Task brief:
All that should come back is the lines of the data below from the one containing "nat \<Rightarrow> 'a \<Rightarrow> 'a \<Rightarrow>" to the one containing "X \<and> proj", inclusive, exactly as they stand.

Supplied entries:
[Start of section]

lemma sum_degree_into_parts_le:
  assumes U: "finite U" and Q: "Q \<in> blowup_copies E U q T0" and q: "q \<ge> 1"
  shows "(\<Sum>i<q. degree (Q!i) E v) + (if \<forall>i<q. T \<le> degree (Q!i) E v then 0 else T0 - T) \<le> q * T0"
proof -
  have deg: "degree (Q!i) E v \<le> T0" if "i < q" for i
    using Q that U degree_le_card[of "Q!i" E v] unfolding blowup_copies_def by (auto intro: finite_subset)
  show ?thesis
  proof (cases "\<forall>i<q. T \<le> degree (Q!i) E v")
    case True
    have "(\<Sum>i<q. degree (Q!i) E v) \<le> (\<Sum>i<q. T0)"
      using deg by (intro sum_mono) simp
    then show ?thesis
      using True by simp
  next
    case False
    then obtain i0 where i0: "i0 < q" "degree (Q!i0) E v < T"
      by (auto simp: not_le)
    with deg have i0_bound: "degree (Q!i0) E v + (T0 - T) \<le> T0"
      by fastforce
    have "(\<Sum>i<q. degree (Q!i) E v) = degree (Q!i0) E v + (\<Sum>i\<in>{..<q}-{i0}. degree (Q!i) E v)"
      using i0 by (subst sum.remove[of _ i0]) auto
    also have "\<dots> \<le> degree (Q!i0) E v + (\<Sum>i\<in>{..<q}-{i0}. T0)"
      using deg by (intro add_mono sum_mono) auto
    also have "\<dots> = degree (Q!i0) E v + (q - 1) * T0"
      using i0 by simp
    finally have "(\<Sum>i<q. degree (Q!i) E v) + (T0 - T) \<le> T0 + (q - 1) * T0"
      using i0_bound by linarith
    also have "\<dots> = q * T0"
      using q by (simp add: algebra_simps)
    finally show ?thesis
      using False by simp
  qed
qed
(* Let $\alpha\in(0,1]$, $c>0$, $a>0$, $t>0$. Then $$\frac{N_t^{\alpha,c,a}[0,L]-L/a}{\sqrt{V_t^{\alpha,c,a}[L]}}$$ converges in distribution to a standard normal random variable as $L\to\infty$.
   Context: A symmetric $\alpha$-stable process with parameters $\alpha$, $c>0$ is a Lévy process $(X(t))_{t\ge0}$ on $\mathbb{R}$ with $X(0)=0$ and $\mathbb{E}[e^{i\theta X(t)}]=\exp(-tc|\theta|^\alpha)$. Let $(X_j)_{j\in\mathbb{Z}}$ be independent copies, $\epsilon\sim\mathrm{Uniform}[0,1]$ independent of them, and $u_j=a(j-\epsilon)$. Define $N_t^{\alpha,c,a}[0,L]=\sum_{j\in\mathbb{Z}}\mathbb{I}[X_j(t)+u_j\in[0,L]]$ and the number variance $V_t^{\alpha,c,a}[L]=\mathrm{Var}(N_t^{\alpha,c,a}[0,L])$. *)

theory Defs
  imports "HOL-Probability.Probability"
begin

definition sym_stable_levy :: "'a measure \<Rightarrow> (real \<Rightarrow> 'a \<Rightarrow> real) \<Rightarrow> real \<Rightarrow> real \<Rightarrow> bool" where
  "sym_stable_levy M X \<alpha> c \<longleftrightarrow>
     prob_space M \<and>
     (\<forall>s. X s \<in> borel_measurable M) \<and>
     (\<forall>\<omega>\<in>space M. X 0 \<omega> = 0) \<and>
     (\<forall>(\<tau>::nat \<Rightarrow> real) n. (\<forall>k<n. 0 \<le> \<tau> k \<and> \<tau> k \<le> \<tau> (Suc k)) \<longrightarrow>
         prob_space.indep_vars M (\<lambda>_. borel) (\<lambda>k \<omega>. X (\<tau> (Suc k)) \<omega> - X (\<tau> k) \<omega>) {..<n}) \<and>
     (\<forall>s h. 0 \<le> s \<longrightarrow> 0 \<le> h \<longrightarrow>
         distr M borel (\<lambda>\<omega>. X (s + h) \<omega> - X s \<omega>) = distr M borel (X h)) \<and>
     (\<forall>s\<ge>0. \<forall>\<theta>. char (distr M borel (X s)) \<theta> = complex_of_real (exp (- (s * c * \<bar>\<theta>\<bar> powr \<alpha>))))"

text \<open>N_t[0,L] = sum over j of the indicator of X_j(t) + a(j - eps) in [0,L]
(a.s. finitely many terms; rendered as the cardinality of the set of such j).\<close>
definition count_N :: "(int \<Rightarrow> real \<Rightarrow> 'a \<Rightarrow> real) \<Rightarrow> ('a \<Rightarrow> real) \<Rightarrow> real \<Rightarrow> real \<Rightarrow> real \<Rightarrow> 'a \<Rightarrow> real" where
  "count_N X \<epsilon> a t L \<omega> = real (card {j::int. X j t \<omega> + a * (real_of_int j - \<epsilon> \<omega>) \<in> {0..L}})"

definition number_variance :: "'a measure \<Rightarrow> (int \<Rightarrow> real \<Rightarrow> 'a \<Rightarrow> real) \<Rightarrow> ('a \<Rightarrow> real) \<Rightarrow> real \<Rightarrow> real \<Rightarrow> real \<Rightarrow> real" where
  "number_variance M X \<epsilon> a t L =
     (LINT \<omega>|M. (count_N X \<epsilon> a t L \<omega> - (LINT \<omega>'|M. count_N X \<epsilon> a t L \<omega>'))\<^sup>2)"

end

theory Submission
  imports Defs
begin

(* Condition on the shift: for fixed e the events "site j lands in [0, L]" are independent, with
   probabilities p_j(e) = mu {x. x + a (j - e) in [0, L]}, mu the law of X_j(t).  So the characteristic
   function of N is an average over e of products of Bernoulli characteristic functions, and replacing each
   factor by a Gaussian one costs |u|^3 p_j (1 - p_j).  Counting lattice points gives
   sum_j p_j(e) = L/a + O(1) and sum_j p_j(e)^2 = (1/a) E max(0, L - |X - X'|) + O(1) with X, X' independent
   of law mu, hence V[L] = (1/a) E min(L, |X - X'|) + O(1).  For alpha <= 1 the law mu has no first moment
   (its characteristic function exp (- t c |theta|^alpha) is not differentiable at 0), so V[L] tends to
   infinity by monotone convergence, and with u = theta / sqrt V[L] all error terms vanish. *)

section \<open>Characteristic functions of Bernoulli sums\<close>

lemma exp_neg_approx:
  fixes w :: real assumes "0 \<le> w"
  shows "\<bar>exp (- w) - (1 - w)\<bar> \<le> w\<^sup>2 / 2"
proof -
  let ?f = "\<lambda>x::real. 1 - x + x\<^sup>2 / 2 - exp (- x)"
  have "?f 0 \<le> ?f w"
  proof (rule DERIV_nonneg_imp_increasing_open[OF assms])
    fix x :: real
    have "DERIV ?f x :> (- 1 + x + exp (- x))"
      by (auto intro!: derivative_eq_intros)
    moreover have "0 \<le> - 1 + x + exp (- x)"
      using exp_ge_add_one_self[of "- x"] by linarith
    ultimately show "\<exists>y. DERIV ?f x :> y \<and> 0 \<le> y" by blast
  qed (auto intro!: continuous_intros)
  then show ?thesis
    using exp_ge_add_one_self[of "- w"] by (simp add: abs_if)
qed

lemma abs_exp_neg_diff_le:
  fixes x y :: real assumes "0 \<le> x" "0 \<le> y"
  shows "\<bar>exp (- x) - exp (- y)\<bar> \<le> \<bar>x - y\<bar>"
proof -
  have *: "exp (- x) - exp (- y) \<le> y - x" if "0 \<le> x" "x \<le> y" for x y :: real
  proof -
    have "exp (- x) - exp (- y) = exp (- x) * (1 - exp (x - y))"
      by (simp add: algebra_simps flip: exp_add)
    also have "\<dots> \<le> 1 - exp (x - y)"
      using that by (intro mult_left_le_one_le) auto
    also have "\<dots> \<le> y - x"
      using exp_ge_add_one_self[of "x - y"] by linarith
    finally show ?thesis .
  qed
  show ?thesis
    using *[of x y] *[of y x] assms by (cases "x \<le> y") auto
qed

lemma iexp_approx_quadratic: "cmod (iexp x - (1 + \<i> * x - x\<^sup>2 / 2)) \<le> \<bar>x\<bar> ^ 3 / 6"
proof -
  have "(\<Sum>k \<le> 2. (\<i> * x) ^ k / fact k) = 1 + \<i> * x - x\<^sup>2 / 2"
    by (simp add: numeral_2_eq_2 power2_eq_square mult.assoc mult.left_commute complex_i_mult_minus)
  moreover have "(fact 3 :: real) = 6"
    by (simp add: numeral_3_eq_3 numeral_2_eq_2)
  ultimately show ?thesis
    using iexp_approx1[of x 2] by (simp add: numeral_3_eq_3)
qed
text \<open>The three marginals of the purification W have purities tr rho^2,
  tr (sigma^Phi1)^2 and tr (sigma^Phi2)^2, so the two-sided Audenaert inequality gives
  tr rho^2 <= 1 - |tr (sigma^Phi1)^2 - tr (sigma^Phi2)^2|; take -ln.\<close>

theorem mainTheorem3:
  fixes n :: nat and \<Phi>1 \<Phi>2 :: "complex mat \<Rightarrow> complex mat" and \<psi> :: "complex vec"
  assumes "quantum_channel n \<Phi>1"
    and "quantum_channel n \<Phi>2"
    and "maximally_entangled n \<psi>"
  shows "- ln (1 - \<bar>exp (- renyi2_map n \<Phi>1) - exp (- renyi2_map n \<Phi>2)\<bar>)
           \<le> renyi2 (tensor_channel \<Phi>1 \<Phi>2 n (outer \<psi>))"
proof -
  have n: "n > 0" using assms(3) by (rule maximally_entangled_dim_pos)
  have \<psi>: "\<psi> \<in> carrier_vec (n * n)" using assms(3) unfolding maximally_entangled_def by blast
  obtain m1 K where kr1: "kraus_rep n \<Phi>1 m1 K" and K: "kraus_complete n m1 K"
    using channel_kraus[OF assms(1)] .
  obtain m2 L where kr2: "kraus_rep n \<Phi>2 m2 L" and L: "kraus_complete n m2 L"
    using channel_kraus[OF assms(2)] .
  define W where "W = kraus_state n K L \<psi>"
  let ?P = "purity (marginal W {..<m1} {..<m2}) {..<n * n}"
  let ?P1 = "purity (marginal (\<lambda>r I s. W I r s) {..<n * n} {..<m2}) {..<m1}"
  let ?P2 = "purity (marginal (\<lambda>s I r. W I r s) {..<n * n} {..<m1}) {..<m2}"
  have tr: "(\<Sum>I<n * n. marginal W {..<m1} {..<m2} I I) = 1"
    unfolding W_def by (rule kraus_state_trace[OF K L assms(3)])
  then have "?P > 0" "?P1 > 0" "?P2 > 0"
    using marginal_traces[where w=W and A="{..<n * n}" and B="{..<m1}" and C="{..<m2}"]
    by (auto intro: marginal_purity_pos)
  moreover have "Re (ctrace (jamiolkowski n \<Phi>1 * jamiolkowski n \<Phi>1)) = ?P1"
    "Re (ctrace (jamiolkowski n \<Phi>2 * jamiolkowski n \<Phi>2)) = ?P2"
    unfolding jamiolkowski_purity[OF kr1 n] jamiolkowski_purity[OF kr2 n] W_def
      kraus_state_marginal_first[OF L assms(3)] kraus_state_marginal_second[OF K assms(3)] by simp_all
  ultimately have P1: "exp (- renyi2_map n \<Phi>1) = ?P1" and P2: "exp (- renyi2_map n \<Phi>2) = ?P2"
    and P: "renyi2 (tensor_channel \<Phi>1 \<Phi>2 n (outer \<psi>)) = - ln ?P"
    unfolding renyi2_map_def renyi2_def W_def output_purity[OF kr1 kr2 \<psi>] by simp_all
  have "ln ?P \<le> ln (1 - \<bar>?P1 - ?P2\<bar>)"
    using audenaert_two_sided[OF tr] \<open>?P > 0\<close> by simp
  then show ?thesis unfolding P P1 P2 by simp
qed
definition cube_morphism :: "nat \<Rightarrow> nat \<Rightarrow> ((nat \<Rightarrow> bool) \<Rightarrow> (nat \<Rightarrow> bool)) \<Rightarrow> bool" where
  "cube_morphism m n \<phi> \<longleftrightarrow>
     (\<forall>v\<in>vert m. \<phi> v \<in> vert n) \<and>
     (\<forall>j<n. \<exists>f. (f = (\<lambda>v. False) \<or> f = (\<lambda>v. True) \<or>
                  (\<exists>i<m. f = (\<lambda>v. v i) \<or> f = (\<lambda>v. \<not> v i))) \<and>
                (\<forall>v\<in>vert m. \<phi> v j = f v))"

definition ins_bit :: "nat \<Rightarrow> bool \<Rightarrow> (nat \<Rightarrow> bool) \<Rightarrow> (nat \<Rightarrow> bool)" where
  "ins_bit j b w = (\<lambda>i. if i < j then w i else if i = j then b else w (i - 1))"

definition is_corner :: "'a set \<Rightarrow> (nat \<Rightarrow> ((nat \<Rightarrow> bool) \<Rightarrow> 'a) set) \<Rightarrow> nat
    \<Rightarrow> ((nat \<Rightarrow> bool) \<Rightarrow> 'a) \<Rightarrow> bool" where
  "is_corner X C n q \<longleftrightarrow>
     q \<in> (vert n - {top_vert n}) \<rightarrow>\<^sub>E X \<and>
     (\<forall>j<n. (\<lambda>w\<in>vert (n - 1). q (ins_bit j False w)) \<in> C (n - 1))"

definition nilspace :: "'a set \<Rightarrow> (nat \<Rightarrow> ((nat \<Rightarrow> bool) \<Rightarrow> 'a) set) \<Rightarrow> bool" where
  "nilspace X C \<longleftrightarrow>
     (\<forall>n. C n \<subseteq> vert n \<rightarrow>\<^sub>E X) \<and>
     (\<forall>m n \<phi> c. cube_morphism m n \<phi> \<longrightarrow> c \<in> C n \<longrightarrow> (\<lambda>v\<in>vert m. c (\<phi> v)) \<in> C m) \<and>
     C 1 = vert 1 \<rightarrow>\<^sub>E X \<and>
     (\<forall>n\<ge>1. \<forall>q. is_corner X C n q \<longrightarrow>
        (\<exists>c\<in>C n. \<forall>v\<in>vert n - {top_vert n}. c v = q v))"

definition k_step_nilspace :: "nat \<Rightarrow> 'a set \<Rightarrow> (nat \<Rightarrow> ((nat \<Rightarrow> bool) \<Rightarrow> 'a) set) \<Rightarrow> bool" where
  "k_step_nilspace k X C \<longleftrightarrow> nilspace X C \<and>
     (\<forall>c\<in>C (Suc k). \<forall>c'\<in>C (Suc k).
        (\<forall>v\<in>vert (Suc k) - {top_vert (Suc k)}. c v = c' v) \<longrightarrow> c = c')"

text \<open>Compact nilspace: X compact (in the metric space 'a, hence compact metrizable) and
  every cube set closed in the product topology on X^{0,1}^n.\<close>
definition compact_nilspace :: "'a::metric_space set \<Rightarrow> (nat \<Rightarrow> ((nat \<Rightarrow> bool) \<Rightarrow> 'a) set) \<Rightarrow> bool" where
  "compact_nilspace X C \<longleftrightarrow> nilspace X C \<and> compact X \<and>
     (\<forall>n. closedin (product_topology (\<lambda>_. top_of_set X) (vert n)) (C n))"

definition char_rel :: "'a set \<Rightarrow> (nat \<Rightarrow> ((nat \<Rightarrow> bool) \<Rightarrow> 'a) set) \<Rightarrow> nat \<Rightarrow> 'a \<Rightarrow> 'a \<Rightarrow> bool" where
  "char_rel X C i x y \<longleftrightarrow> x \<in> X \<and> y \<in> X \<and>
     (\<exists>c\<in>C (Suc i). \<exists>c'\<in>C (Suc i).
        (\<forall>v\<in>vert (Suc i). v \<noteq> top_vert (Suc i) \<longrightarrow> c v = c' v) \<and>
        c (top_vert (Suc i)) = x \<and> c' (top_vert (Suc i)) = y)"

text \<open>pi_i : the projection to the i-th characteristic factor Y_i = X / ~_i
  (points of Y_i are the equivalence classes).\<close>
definition proj :: "'a set \<Rightarrow> (nat \<Rightarrow> ((nat \<Rightarrow> bool) \<Rightarrow> 'a) set) \<Rightarrow> nat \<Rightarrow> 'a \<Rightarrow> 'a set" where
  "proj X C i x = {y. char_rel X C i x y}"

definition factor :: "'a set \<Rightarrow> (nat \<Rightarrow> ((nat \<Rightarrow> bool) \<Rightarrow> 'a) set) \<Rightarrow> nat \<Rightarrow> 'a set set" where
  "factor X C i = proj X C i ` X"

definition factor_cubes :: "'a set \<Rightarrow> (nat \<Rightarrow> ((nat \<Rightarrow> bool) \<Rightarrow> 'a) set) \<Rightarrow> nat \<Rightarrow> nat
    \<Rightarrow> ((nat \<Rightarrow> bool) \<Rightarrow> 'a set) set" where
  "factor_cubes X C i n = {(\<lambda>v\<in>vert n. proj X C i (c v)) | c. c \<in> C n}"

definition quotient_top :: "'a topology \<Rightarrow> ('a \<Rightarrow> 'b) \<Rightarrow> 'b topology" where
  "quotient_top T f = topology (\<lambda>U. U \<subseteq> f ` topspace T \<and>
      openin T {x \<in> topspace T. f x \<in> U})"

definition factor_top :: "'a::metric_space set \<Rightarrow> (nat \<Rightarrow> ((nat \<Rightarrow> bool) \<Rightarrow> 'a) set) \<Rightarrow> nat
    \<Rightarrow> 'a set topology" where
  "factor_top X C i = quotient_top (top_of_set X) (proj X C i)"

definition fiber :: "'a set \<Rightarrow> (nat \<Rightarrow> ((nat \<Rightarrow> bool) \<Rightarrow> 'a) set) \<Rightarrow> nat \<Rightarrow> 'a set \<Rightarrow> 'a set set" where
  "fiber X C i y = {proj X C i a | a. a \<in> X \<and> proj X C (i - 1) a = y}"

definition fiber_cubes :: "'a set \<Rightarrow> (nat \<Rightarrow> ((nat \<Rightarrow> bool) \<Rightarrow> 'a) set) \<Rightarrow> nat \<Rightarrow> 'a set \<Rightarrow> nat
    \<Rightarrow> ((nat \<Rightarrow> bool) \<Rightarrow> 'a set) set" where
  "fiber_cubes X C i y n = {c \<in> factor_cubes X C i n. \<forall>v\<in>vert n. c v \<in> fiber X C i y}"

definition D_cubes :: "'z::ab_group_add set \<Rightarrow> nat \<Rightarrow> nat \<Rightarrow> ((nat \<Rightarrow> bool) \<Rightarrow> 'z) set" where
  "D_cubes Z i n = {c \<in> vert n \<rightarrow>\<^sub>E Z. \<forall>J w. J \<subseteq> {..<n} \<and> card J = Suc i \<and> w \<in> vert n \<longrightarrow>
      (\<Sum>v\<in>{v\<in>vert n. \<forall>j<n. j \<notin> J \<longrightarrow> v j = w j}.
          if even (card {j. j < n \<and> v j}) then c v else - c v) = 0}"

definition is_subgroup_add :: "'z::ab_group_add set \<Rightarrow> bool" where
  "is_subgroup_add H \<longleftrightarrow> 0 \<in> H \<and> (\<forall>a\<in>H. \<forall>b\<in>H. a + b \<in> H) \<and> (\<forall>a\<in>H. - a \<in> H)"

text \<open>Z (a subgroup of an ambient abelian group) with metric dZ is a compact metrizable
  abelian topological group.\<close>
definition compact_metric_group :: "'z::ab_group_add set \<Rightarrow> ('z \<Rightarrow> 'z \<Rightarrow> real) \<Rightarrow> bool" where
  "compact_metric_group Z dZ \<longleftrightarrow> is_subgroup_add Z \<and> Metric_space Z dZ \<and>
     compact_space (Metric_space.mtopology Z dZ) \<and>
     continuous_map (prod_topology (Metric_space.mtopology Z dZ) (Metric_space.mtopology Z dZ))
        (Metric_space.mtopology Z dZ) (\<lambda>(a, b). a + b) \<and>
     continuous_map (Metric_space.mtopology Z dZ) (Metric_space.mtopology Z dZ) uminus"
lemma eta2_coord: "eta2 n m = coord_map n m (\<lambda>a b. - a) (\<lambda>a b. a div 2 - b)"
  unfolding eta2_def
proof (rule coord_map_eqI, goal_cases)
  case (1 i j)
  then show ?case by (simp add: verts_def zperm_eq_tperm tperm_coord)
next
  case (2 i j)
  then have i: "1 \<le> i" and j: "1 \<le> j" "j \<le> m" by (auto simp: verts_def)
  then have "1 \<le> tperm m j" "tperm m j \<le> m" by (auto simp: tperm_def)
  with i j have "int ((cperm m ^^ ((i - 1) div 2)) (tperm m j)) - 1 =
      (- (int j - 1) mod int m + (int i - 1) div 2) mod int m"
    by (simp add: cperm_power_coord tperm_coord of_nat_div of_nat_diff)
  then show ?case by (simp add: mod_simps algebra_simps)
qed

definition psign :: "int \<Rightarrow> int" where
  "psign k = (if even k then 1 else -1)"

lemma psign_succ [simp]: "psign (k + 1) = - psign k"
  and psign_pred [simp]: "psign (k - 1) = - psign k"
  and psign_0 [simp]: "psign 0 = 1"
  and psign_1 [simp]: "psign 1 = -1"
  and psign_range: "psign k \<in> {1, -1}"
  by (simp_all add: psign_def)

definition H_elem :: "nat \<Rightarrow> nat \<Rightarrow> bool \<Rightarrow> int \<Rightarrow> int \<Rightarrow> int \<Rightarrow> nat \<times> nat \<Rightarrow> nat \<times> nat" where
  "H_elem n m flip k u \<alpha> = coord_map n m
     (\<lambda>a b. if flip then k - a else a + k)
     (\<lambda>a b. if flip then psign k * (a div 2 - b) + u - \<alpha> * a else psign k * b + u + \<alpha> * a)"

definition H_params :: "nat \<Rightarrow> nat \<Rightarrow> (bool \<times> int \<times> int \<times> int) set" where
  "H_params n m = UNIV \<times> {0..<int n} \<times> {0..<int m} \<times> {0..<int m}"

[End of section]

Answer space:
definition char_rel :: "'a set \<Rightarrow> (nat \<Rightarrow> ((nat \<Rightarrow> bool) \<Rightarrow> 'a) set) \<Rightarrow> nat \<Rightarrow> 'a \<Rightarrow> 'a \<Rightarrow> bool" where
  "char_rel X C i x y \<longleftrightarrow> x \<in> X \<and> y \<in> X \<and>
     (\<exists>c\<in>C (Suc i). \<exists>c'\<in>C (Suc i).
        (\<forall>v\<in>vert (Suc i). v \<noteq> top_vert (Suc i) \<longrightarrow> c v = c' v) \<and>
        c (top_vert (Suc i)) = x \<and> c' (top_vert (Suc i)) = y)"

text \<open>pi_i : the projection to the i-th characteristic factor Y_i = X / ~_i
  (points of Y_i are the equivalence classes).\<close>
definition proj :: "'a set \<Rightarrow> (nat \<Rightarrow> ((nat \<Rightarrow> bool) \<Rightarrow> 'a) set) \<Rightarrow> nat \<Rightarrow> 'a \<Rightarrow> 'a set" where
  "proj X C i x = {y. char_rel X C i x y}"

definition factor :: "'a set \<Rightarrow> (nat \<Rightarrow> ((nat \<Rightarrow> bool) \<Rightarrow> 'a) set) \<Rightarrow> nat \<Rightarrow> 'a set set" where
  "factor X C i = proj X C i ` X"

definition factor_cubes :: "'a set \<Rightarrow> (nat \<Rightarrow> ((nat \<Rightarrow> bool) \<Rightarrow> 'a) set) \<Rightarrow> nat \<Rightarrow> nat
    \<Rightarrow> ((nat \<Rightarrow> bool) \<Rightarrow> 'a set) set" where
  "factor_cubes X C i n = {(\<lambda>v\<in>vert n. proj X C i (c v)) | c. c \<in> C n}"

definition quotient_top :: "'a topology \<Rightarrow> ('a \<Rightarrow> 'b) \<Rightarrow> 'b topology" where
  "quotient_top T f = topology (\<lambda>U. U \<subseteq> f ` topspace T \<and>
      openin T {x \<in> topspace T. f x \<in> U})"

definition factor_top :: "'a::metric_space set \<Rightarrow> (nat \<Rightarrow> ((nat \<Rightarrow> bool) \<Rightarrow> 'a) set) \<Rightarrow> nat
    \<Rightarrow> 'a set topology" where
  "factor_top X C i = quotient_top (top_of_set X) (proj X C i)"

definition fiber :: "'a set \<Rightarrow> (nat \<Rightarrow> ((nat \<Rightarrow> bool) \<Rightarrow> 'a) set) \<Rightarrow> nat \<Rightarrow> 'a set \<Rightarrow> 'a set set" where
  "fiber X C i y = {proj X C i a | a. a \<in> X \<and> proj X C (i - 1) a = y}"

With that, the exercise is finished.